The second is interpretive accuracy: what does that variant actually mean for your health? This is where honesty is required. Knowing you carry a variant is a fact. Knowing what it does to your risk of heart disease or diabetes is an interpretation, and interpretation is probabilistic, evolving, and far less certain than the headline numbers suggest.

A test can be near-perfect on the first count and still leave real uncertainty on the second. Both can be true at the same time, and a responsible report says so.

What a genetic test can tell you

Used well, a genetic health test offers several things of real value.

It can identify whether you carry specific, well-established variants, for instance those associated with how your body processes certain nutrients, medicines, or fats. For a smaller number of single-gene conditions, the link between a variant and its effect is strong and clinically meaningful, which is why genetic testing has a settled place in areas such as carrier screening and pharmacogenomics.

For common, complex conditions such as type 2 diabetes, heart disease and many cancers, a test can estimate a predisposition. It reads many small genetic signals and combines them into a sense of whether your inherited risk sits above or below average. This can be genuinely useful as an early prompt to pay attention, particularly when it agrees with your family history.

What makes this matter in India is scale. The ICMR-INDIAB national study estimated that, in 2021, around 101 million Indians were living with diabetes and another 136 million with prediabetes (Lancet Diabetes and Endocrinology, 2023). Much of that risk builds silently, years before a diagnosis. A genetic predisposition, read early, is one more signal that may help a family act sooner rather than later. That is the quiet case for these tests, not prophecy, but a head start. We have written more about this shift in thinking in Don't Wait for the Diagnosis.

What a genetic test cannot tell you

Here is the part most marketing leaves out.

A predisposition is not a diagnosis, and it is not destiny. A test that reports higher inherited risk for a condition is saying the odds may be raised, not that you have the condition, and not that you will develop it. For most common diseases, genetics is only one contributor among many. Diet, sleep, activity, environment and chance all shape the outcome, and a great deal of that is modifiable. A higher-risk result is best read as a reason to engage, not a sentence to fear.

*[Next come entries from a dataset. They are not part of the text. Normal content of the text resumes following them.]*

(* If $L$ is the random walk Laplacian of a connected graph $G$ with $n_0$ vertices and eigenvalues $\lambda_1\le\lambda_2\le\dots\le\lambda_{n_0}$, then $\|L\|_{2,s}\ge\lambda_{s-1}$.
   Context: $L=I-D^{-1}A$ with $A$ the adjacency matrix and $D$ the degree matrix. For a matrix $\Phi$, $\|\Phi\|_{2,s}:=\max_{S\subset[n_0],\,|S|=s}\|\Phi_S\|_{2}$, where $\Phi_S$ is the column submatrix indexed by $S$ and $\|\cdot\|_2$ is the spectral (operator) norm. *)

theory Defs
  imports "Jordan_Normal_Form.Char_Poly" "Jordan_Normal_Form.DL_Submatrix"
begin

definition adj_mat :: "nat \<Rightarrow> (nat \<Rightarrow> nat \<Rightarrow> bool) \<Rightarrow> real mat" where
  "adj_mat n E = mat n n (\<lambda>(i,j). if E i j then 1 else 0)"

definition degree :: "nat \<Rightarrow> (nat \<Rightarrow> nat \<Rightarrow> bool) \<Rightarrow> nat \<Rightarrow> real" where
  "degree n E i = real (card {j. j < n \<and> E i j})"

definition deg_mat :: "nat \<Rightarrow> (nat \<Rightarrow> nat \<Rightarrow> bool) \<Rightarrow> real mat" where
  "deg_mat n E = mat n n (\<lambda>(i,j). if i = j then degree n E i else 0)"

definition rw_laplacian :: "nat \<Rightarrow> (nat \<Rightarrow> nat \<Rightarrow> bool) \<Rightarrow> real mat" where
  "rw_laplacian n E = 1\<^sub>m n - mat n n (\<lambda>(i,j). (if E i j then 1 else 0) / degree n E i)"

definition simple_graph :: "nat \<Rightarrow> (nat \<Rightarrow> nat \<Rightarrow> bool) \<Rightarrow> bool" where
  "simple_graph n E \<longleftrightarrow> (\<forall>i j. E i j \<longrightarrow> i < n \<and> j < n) \<and> (\<forall>i j. E i j \<longrightarrow> E j i) \<and> (\<forall>i. \<not> E i i)"

definition connected_graph :: "nat \<Rightarrow> (nat \<Rightarrow> nat \<Rightarrow> bool) \<Rightarrow> bool" where
  "connected_graph n E \<longleftrightarrow> (\<forall>u v. u < n \<longrightarrow> v < n \<longrightarrow> E\<^sup>*\<^sup>* u v)"

definition vec_norm2 :: "real vec \<Rightarrow> real" where
  "vec_norm2 x = sqrt (x \<bullet> x)"

definition spectral_norm :: "real mat \<Rightarrow> real" where
  "spectral_norm M = Sup {vec_norm2 (M *\<^sub>v x) | x. x \<in> carrier_vec (dim_col M) \<and> vec_norm2 x = 1}"

definition col_sparse_norm :: "real mat \<Rightarrow> nat \<Rightarrow> real" where
  "col_sparse_norm M s = Max {spectral_norm (submatrix M UNIV S) | S. S \<subseteq> {0..<dim_col M} \<and> card S = s}"

end

theory Submission
  imports Defs "Jordan_Normal_Form.Schur_Decomposition"
begin

text \<open>
  Let \<open>d\<close> be the degree vector. The random walk Laplacian \<open>L = I - D\<^sup>-\<^sup>1A\<close> is self-adjoint
  for the weighted inner product \<open>\<langle>u, v\<rangle> = \<Sum>\<^sub>r d\<^sub>r u\<^sub>r v\<^sub>r\<close>, so Gram-Schmidt applied to the
  columns of a Schur triangularization of \<open>L\<close> yields an orthogonal eigenbasis
  \<open>q\<^sub>0, \<dots>, q\<^sub>n\<^sub>-\<^sub>1\<close> with \<open>L q\<^sub>j = \<lambda>\<^sub>j\<^sub>+\<^sub>1 q\<^sub>j\<close>. Some nonzero combination \<open>y\<close> of the
  \<open>n - s + 1\<close> eigenvectors \<open>q\<^sub>s\<^sub>-\<^sub>1, \<dots>, q\<^sub>n\<^sub>-\<^sub>1\<close> vanishes on the last \<open>n - s\<close> coordinates,
  and its Rayleigh quotient is at least \<open>\<lambda>\<^sub>s\<close>. Such a \<open>y\<close> only sees the leading
  \<open>s \<times> s\<close> block \<open>T\<close> of \<open>L\<close>, which is again self-adjoint; iterating Cauchy-Schwarz
  shows that \<open>\<parallel>T\<^sup>m y\<parallel>\<close> grows at least like \<open>\<lambda>\<^sub>s\<^sup>m\<close>, while it grows at most like
  \<open>\<parallel>L\<^sub>S\<parallel>\<^sub>2\<^sup>m\<close> for the first \<open>s\<close> columns \<open>L\<^sub>S\<close> of \<open>L\<close>. Hence
  \<open>\<lambda>\<^sub>s\<^sub>-\<^sub>1 \<le> \<lambda>\<^sub>s \<le> \<parallel>L\<^sub>S\<parallel>\<^sub>2 \<le> \<parallel>L\<parallel>\<^sub>2\<^sub>,\<^sub>s\<close>.
\<close>

lemma le_of_pow2_le_const_mult:
  fixes x z K :: real
  assumes "0 \<le> z" and bound: "\<And>j. x ^ (2 ^ j) \<le> K * z ^ (2 ^ j)"
  shows "x \<le> z"
proof (rule ccontr)
  assume "\<not> x \<le> z"
  then have "z < x" by simp
  show False
  proof (cases "z = 0")
    case True
    then show False using bound[of 0] \<open>z < x\<close> by simp
  next
    case False
    then have z: "0 < z" using assms(1) by simp
    then have "1 < x / z" using \<open>z < x\<close> by simp
    then obtain N where N: "K < (x / z) ^ N" using real_arch_pow by blast
    have "(x / z) ^ N \<le> (x / z) ^ (2 ^ N)"
      using \<open>1 < x / z\<close> less_exp[of N] by (intro power_increasing) simp_all
    also have "\<dots> \<le> K"
      using bound[of N] z by (simp add: power_divide divide_le_eq)
    finally show False using N by simp
  qed
qed

lemma funpow_norm_bound:
  fixes T :: "(nat \<Rightarrow> real) \<Rightarrow> nat \<Rightarrow> real"
  assumes bound: "\<And>u. (\<Sum>r<n. (T u r)\<^sup>2) \<le> A\<^sup>2 * (\<Sum>r<n. (u r)\<^sup>2)"
  shows "(\<Sum>r<n. ((T ^^ k) u r)\<^sup>2) \<le> (A\<^sup>2) ^ k * (\<Sum>r<n. (u r)\<^sup>2)"
proof (induction k)
  case (Suc k)
  have "(\<Sum>r<n. ((T ^^ Suc k) u r)\<^sup>2) \<le> A\<^sup>2 * (\<Sum>r<n. ((T ^^ k) u r)\<^sup>2)"
    using bound by simp
  also have "\<dots> \<le> A\<^sup>2 * ((A\<^sup>2) ^ k * (\<Sum>r<n. (u r)\<^sup>2))"
    using Suc by (intro mult_left_mono) simp_all
  finally show ?case by simp
qed simp

lemma index_mult_mat_sum:
  fixes A B :: "real mat"
  assumes "A \<in> carrier_mat nr m" "B \<in> carrier_mat m nc" "i < nr" "j < nc"
  shows "(A * B) $$ (i, j) = (\<Sum>k<m. A $$ (i, k) * B $$ (k, j))"
  using assms by (simp add: scalar_prod_def atLeast0LessThan)

lemma index_mult_mat_vec_sum:
  fixes A :: "real mat"
  assumes "A \<in> carrier_mat nr nc" "x \<in> carrier_vec nc" "i < nr"
  shows "(A *\<^sub>v x) $ i = (\<Sum>k<nc. A $$ (i, k) * x $ k)"
  using assms by (simp add: scalar_prod_def atLeast0LessThan)

lemma exists_nontrivial_solution:
  fixes f :: "nat \<Rightarrow> nat \<Rightarrow> real"
  assumes "m < k"
  obtains c where "\<exists>b<k. c b \<noteq> 0" and "\<And>a. a < m \<Longrightarrow> (\<Sum>b<k. f a b * c b) = 0"
proof -
  define F where "F = mat\<^sub>r k k (\<lambda>a. if a = m then 0\<^sub>v k else vec k (f a))"
  have F: "F \<in> carrier_mat k k" unfolding F_def by simp
  have "det F = 0" unfolding F_def using assms by (intro det_row_0) auto
  then obtain v where v: "v \<in> carrier_vec k" "v \<noteq> 0\<^sub>v k" "F *\<^sub>v v = 0\<^sub>v k"
    using det_0_iff_vec_prod_zero_field[OF F] by blast
  show ?thesis
  proof
    show "\<exists>b<k. v $ b \<noteq> 0"
    proof (rule ccontr)
      assume "\<not> (\<exists>b<k. v $ b \<noteq> 0)"
      then have "v = 0\<^sub>v k" using v(1) by (intro eq_vecI) auto
      then show False using v(2) by simp
    qed
    show "(\<Sum>b<k. f a b * v $ b) = 0" if "a < m" for a
    proof -
      have "(\<Sum>b<k. f a b * v $ b) = (F *\<^sub>v v) $ a"
        using that assms v(1)
        by (simp add: index_mult_mat_vec_sum[OF F] F_def scalar_prod_def atLeast0LessThan)
      then show ?thesis using v(3) that assms by simp
    qed
  qed
qed

lemma left_invertible_cols_independent:
  fixes P Q :: "real mat"
  assumes P: "P \<in> carrier_mat n n" and Q: "Q \<in> carrier_mat n n" and QP: "Q * P = 1\<^sub>m n"
    and comb: "\<And>r. r < n \<Longrightarrow> (\<Sum>j<n. c j * P $$ (r, j)) = 0" and i: "i < n"
  shows "c i = 0"
proof -
  have "c i = (\<Sum>j<n. (Q * P) $$ (i, j) * c j)"
    using QP i by (simp add: if_distrib[of "\<lambda>x. x * _"] cong: if_cong)
  also have "\<dots> = (\<Sum>j<n. \<Sum>r<n. Q $$ (i, r) * (c j * P $$ (r, j)))"
    by (simp add: index_mult_mat_sum[OF Q P i] sum_distrib_left sum_distrib_right
        mult.commute mult.left_commute)
  also have "\<dots> = (\<Sum>r<n. \<Sum>j<n. Q $$ (i, r) * (c j * P $$ (r, j)))"
    by (rule sum.swap)
  also have "\<dots> = (\<Sum>r<n. Q $$ (i, r) * (\<Sum>j<n. c j * P $$ (r, j)))"
    by (simp add: sum_distrib_left)
  also have "\<dots> = 0" using comb by simp
  finally show ?thesis .
qed
lemma cse_state_Suc_cases:
  obtains (idle) "st (Suc r) = st r"
  | (step) t S h where "st r = (t, S, h, False)" "t < T" "st (Suc r) = cse_step T D B dl enum (t, S, h, False)"
proof -
  obtain t S h f where e: "st r = (t, S, h, f)" by (cases "st r") auto
  show thesis
  proof (cases "\<not> f \<and> t < T")
    case True
    then show thesis using that(2)[of t S h] e by (simp add: cse_state.simps(2))
  next
    case False
    then show thesis using that(1) e by (auto simp: cse_state.simps(2))
  qed
qed

lemma cse_state_invariant:
  assumes "1 \<le> K"
  shows "1 \<le> st_time (st r) \<and> finite (st_set (st r)) \<and> st_set (st r) \<noteq> {}
    \<and> st_set (st r) \<subseteq> {1..K}
    \<and> (\<forall>s. st_hist (st r) s \<noteq> None \<longrightarrow> 1 \<le> s \<and> s < st_time (st r) \<and> s \<le> T)"
proof (induction r)
  case 0
  then show ?case using assms by simp
next
  case (Suc r)
  show ?case
  proof (cases rule: cse_state_Suc_cases[of r])
    case idle
    then show ?thesis using Suc by simp
  next
    case (step t S h)
    have IH: "1 \<le> t" "finite S" "S \<noteq> {}" "S \<subseteq> {1..K}"
      "\<And>s. h s \<noteq> None \<Longrightarrow> 1 \<le> s \<and> s < t \<and> s \<le> T"
      using Suc unfolding step(1) by auto
    have "0 < card S" using IH by (simp add: card_gt_0_iff)
    moreover have "st_set (cse_step T D B dl enum (t, S, h, False)) \<subseteq> S"
      "st_set (cse_step T D B dl enum (t, S, h, False)) \<noteq> {}"
      by (simp_all add: st_set_cse_step IH(3))
    moreover have "\<forall>s. h s \<noteq> None \<longrightarrow> s < t + card S" using IH(5) by fastforce
    ultimately show ?thesis
      unfolding step(3) st_time_cse_step st_hist_cse_step
      using IH finite_subset[OF _ IH(2)] by auto
  qed
qed

lemma st_time_mono: "r \<le> r' \<Longrightarrow> st_time (st r) \<le> st_time (st r')"
proof (induction r' rule: dec_induct)
  case (step n)
  have "st_time (st n) \<le> st_time (st (Suc n))"
    by (cases rule: cse_state_Suc_cases[of n]) (simp_all add: st_time_cse_step)
  then show ?case using step(3) by linarith
qed simp

lemma st_hist_stable:
  assumes "r \<le> r'" "s < st_time (st r)"
  shows "st_hist (st r') s = st_hist (st r) s"
  using assms(1)
proof (induction r' rule: dec_induct)
  case (step n)
  have "s < st_time (st n)" using st_time_mono[OF step(1)] assms(2) by simp
  then have "st_hist (st (Suc n)) s = st_hist (st n) s"
    by (cases rule: cse_state_Suc_cases[of n]) (simp_all add: st_hist_cse_step)
  then show ?case using step(3) by simp
qed simp

lemma st_failed_mono: "r \<le> r' \<Longrightarrow> st_failed (st r) \<Longrightarrow> st_failed (st r')"
  by (induction r' rule: dec_induct) (auto simp: cse_state.simps(2) Let_def)

lemma run_hist_eq_st_hist:
  assumes "1 \<le> K" "s < st_time (st r)"
  shows "run_hist T K D B dl enum s = st_hist (st r) s"
proof -
  have agree: "st_hist (st r') s = st_hist (st r) s" if "st_hist (st r') s \<noteq> None" for r'
  proof (cases "r \<le> r'")
    case True
    then show ?thesis using st_hist_stable assms(2) by blast
  next
    case False
    have "s < st_time (st r')" using that cse_state_invariant[OF assms(1)] by blast
    then show ?thesis using st_hist_stable[of r' r s] False by simp
  qed
  show ?thesis
  proof (cases "\<exists>r'. st_hist (st r') s \<noteq> None")
    case True
    then have "st_hist (st (SOME r'. st_hist (st r') s \<noteq> None)) s \<noteq> None" by (rule someI_ex)
    then show ?thesis unfolding run_hist_def using True agree by simp
  next
    case False
    then show ?thesis unfolding run_hist_def by simp
  qed
qed

lemma active_set_in_round:
  assumes "st r = (t, S, h, False)" "t < T" "t \<le> \<tau>" "\<tau> < st_time (st (Suc r))"
  shows "active_set T K D B dl enum \<tau> = S"
proof -
  have "(LEAST y. st_failed (st y) \<or> \<not> st_time (st y) < T \<or> \<tau> < st_time (st (Suc y))) = r"
  proof (rule Least_equality)
    show "st_failed (st r) \<or> \<not> st_time (st r) < T \<or> \<tau> < st_time (st (Suc r))"
      using assms(4) by simp
  next
    fix y assume y: "st_failed (st y) \<or> \<not> st_time (st y) < T \<or> \<tau> < st_time (st (Suc y))"
    show "r \<le> y"
    proof (rule ccontr)
      assume "\<not> r \<le> y"
      then have "\<not> st_failed (st y)" "st_time (st y) \<le> t" "st_time (st (Suc y)) \<le> t"
        using st_failed_mono[of y r] st_time_mono[of y r] st_time_mono[of "Suc y" r] assms(1)
        by auto
      then show False using y assms(2,3) by linarith
    qed
  qed
  then show ?thesis unfolding active_set_def using assms(1) by simp
qed
(* Let $(\Gamma,\mathfrak o,\mathfrak m,\mathfrak q)$ be a quantized Brauer graph and $A_\Gamma$ the associated Brauer graph algebra, and let $d\ge3$. Then $A_\Gamma$ is $d$-homogeneous if and only if $\Gamma$ is a star with $n$ edges for some $n\ge1$ such that $n$ divides $d-1$, the multiplicity of the central vertex is $\frac{d-1}{n}$ and all other multiplicities are $1$. In this case $A_\Gamma$ is isomorphic to the symmetric Nakayama algebra $KQ/I$, where $Q$ is an oriented cycle of length $n$ and $I$ is the ideal generated by all paths of length $d$.
   Context: Let $K$ be a field. A Brauer graph $(\Gamma,\mathfrak o,\mathfrak m)$ consists of a finite connected graph $\Gamma$ with at least one edge (loops and multiple edges allowed), a multiplicity function $\mathfrak m:\Gamma_0\to\mathbb Z_{>0}$ on the vertex set $\Gamma_0$, and, for each vertex $\alpha$, a cyclic ordering $\mathfrak o$ of the edges incident with $\alpha$ (a loop at $\alpha$ occurs twice in this cyclic ordering, the two occurrences being treated as distinct). The valency $\mathrm{val}(\alpha)$ is the number of edges incident with $\alpha$, loops counted twice. An edge $t$ is the successor of $s$ at $\alpha$ if $t$ directly follows $s$ in the cyclic ordering at $\alpha$ (if $\mathrm{val}(\alpha)=1$ the unique edge is its own successor). An edge $s$ is truncated at $\alpha$ if $\mathrm{val}(\alpha)=1$, $\mathfrak m(\alpha)=1$ and $s$ is the edge at $\alpha$; $s$ is a truncated edge if it is truncated at one of its endpoints. The successor sequence of $s$ at $\alpha$ is $s=s_0,s_1,\dots,s_{\mathrm{val}(\alpha)-1}$ with $s_{i+1}$ the successor of $s_i$ at $\alpha$. A quantizing function $\mathfrak q$ assigns $\mathfrak q_{s,\alpha}\in K\setminus\{0\}$ to each pair $(s,\alpha)$ with $s$ incident with $\alpha$ and $s$ not truncated at either endpoint; $(\Gamma,\mathfrak o,\mathfrak m,\mathfrak q)$ is a quantized Brauer graph. The Brauer graph algebra $A_\Gamma=KQ_\Gamma/I_\Gamma$ (paths written left to right) is: if $\Gamma=\mathbb A_2$ with both multiplicities $1$, $A_\Gamma=K[x]/(x^2)$. Otherwise $Q_\Gamma$ has a vertex $v_s$ for each edge $s$, and for each vertex $\alpha$ and each occurrence of $t$ as the successor of $s$ at $\alpha$ with $s$ not truncated at $\alpha$, an arrow $v_s\to v_t$. For $s$ at $\alpha$ not truncated at $\alpha$, with successor sequence $s_0,\dots,s_{v-1}$, $v=\mathrm{val}(\alpha)$, $s_v=s_0$, let $C_{s,\alpha}=a_0a_1\cdots a_{v-1}$, where $a_r$ is the arrow for $s_{r+1}$ succeeding $s_r$ at $\alpha$. $I_\Gamma$ is generated by: type one: for each edge $s$ with endpoints $\alpha,\beta$ not truncated at either, $\mathfrak q_{s,\alpha}C_{s,\alpha}^{\mathfrak m(\alpha)}-\mathfrak q_{s,\beta}C_{s,\beta}^{\mathfrak m(\beta)}$; type two: for each edge $s$ truncated at $\alpha$ with other endpoint $\beta$, writing $C_{s,\beta}=b_0b_1\cdots b_{\mathrm{val}(\beta)-1}$, the path $C_{s,\beta}^{\mathfrak m(\beta)}b_0$; type three: each path $ab$ of length $2$ in $Q_\Gamma$ that is not a subpath of any $C_{t,\gamma}$. A star with $n$ edges is a tree with one central vertex joined by $n$ edges to $n$ further vertices of valency $1$ (for $n=1$ it is $\mathbb A_2$, and the "central vertex" is either endpoint). For $d\ge2$, $KQ/I$ is $d$-homogeneous if $I$ has a minimal generating set consisting of homogeneous elements of length exactly $d$ (path-length grading). *)

theory Defs
  imports Main
begin
text \<open>The conditional essential supremum is below every \<open>F\<close>-measurable majorant, since
  \<open>E[S^p|F] \<le> E[T^p|F] = T^p\<close> for a (truncated) majorant \<open>T\<close>.\<close>

lemma cond_esssup_least:
  fixes S :: "'a \<Rightarrow> real" and T :: "'a \<Rightarrow> ereal"
  assumes S: "S \<in> borel_measurable M" "\<And>w. 0 \<le> S w" "AE w in M. S w \<le> C" "0 \<le> C"
    and T: "T \<in> borel_measurable F" "AE w in M. ereal (S w) \<le> T w"
  shows "AE w in M. cond_esssup M F S w \<le> T w"
proof -
  define T' where "T' w = (if ereal C \<le> T w then C else max 0 (real_of_ereal (T w)))" for w
  have T'_F: "T' \<in> borel_measurable F"
    unfolding T'_def using T(1) by measurable
  have T'_bounds: "0 \<le> T' w" "T' w \<le> C" for w
    unfolding T'_def using S(4) by (cases "T w"; simp)+
  have between: "AE w in M. S w \<le> T' w \<and> ereal (T' w) \<le> T w"
    using S(3) T(2)
  proof eventually_elim
    case (elim w)
    with S(2)[of w] show ?case
      unfolding T'_def by (cases "T w") auto
  qed
  have int_T': "integrable M (\<lambda>w. T' w ^ p)" for p
    using T'_bounds measurable_from_subalg[OF subalg T'_F]
    by (intro integrable_bounded_power[where C = C]) auto
  have int_S: "integrable M (\<lambda>w. S w ^ p)" for p
    using S(1-3) by (rule integrable_bounded_power)
  have "AE w in M. 1 \<le> p \<longrightarrow> root p (real_cond_exp M F (\<lambda>w. S w ^ p) w) \<le> T' w" for p :: nat
  proof -
    have "AE w in M. real_cond_exp M F (\<lambda>w. S w ^ p) w \<le> real_cond_exp M F (\<lambda>w. T' w ^ p) w"
      using between by (intro real_cond_exp_mono int_S int_T')
        (auto elim!: eventually_mono simp: S(2) power_mono)
    moreover have "AE w in M. real_cond_exp M F (\<lambda>w. T' w ^ p) w = T' w ^ p"
      using T'_F by (intro real_cond_exp_F_meas int_T') measurable
    ultimately show ?thesis
    proof eventually_elim
      case (elim w)
      then show ?case
        using T'_bounds(1)[of w] real_root_le_iff[of p _ "T' w ^ p"]
        by (auto simp: real_root_power_cancel)
    qed
  qed
  then have "AE w in M. \<forall>p::nat. 1 \<le> p \<longrightarrow> root p (real_cond_exp M F (\<lambda>w. S w ^ p) w) \<le> T' w"
    by (simp add: AE_all_countable)
  with between show ?thesis
  proof eventually_elim
    case (elim w)
    then have "cond_esssup M F S w \<le> ereal (T' w)"
      unfolding cond_esssup_def by (intro SUP_least) auto
    with elim show ?case
      by (meson order_trans)
  qed
qed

Equally, a reassuring result is not a clean bill of health. A test that finds no notable variants for a given condition has not ruled it out. Someone can carry an average genetic risk and still develop a disease through lifestyle or factors no test captures. Genetic information narrows the picture; it does not complete it.

And the science is still moving. The list of variants we understand grows every year, which means a report is a snapshot of current knowledge, not a final verdict. A variant considered unremarkable today may be better understood tomorrow. This is a strength of the field, not a flaw, but it is a reason to treat any single report as a living document rather than a closing statement.

This is why we are careful, in every WinDNA report, to use the language of probability and association rather than certainty. It is not caution for its own sake. It is simply the most accurate way to describe what the science can honestly support.

Why South Asian data matters more than most realise

There is a quieter accuracy problem that affects Indian families in particular, and it has nothing to do with laboratory quality.

Most of what we know about how genetic variants relate to disease comes from large studies, and for years those studies were run overwhelmingly in people of European ancestry. One analysis found that 67 percent of polygenic scoring studies between 2008 and 2017 included exclusively European-ancestry participants, with South Asian and other populations sharply under-represented (Nature Communications, Duncan et al., 2019).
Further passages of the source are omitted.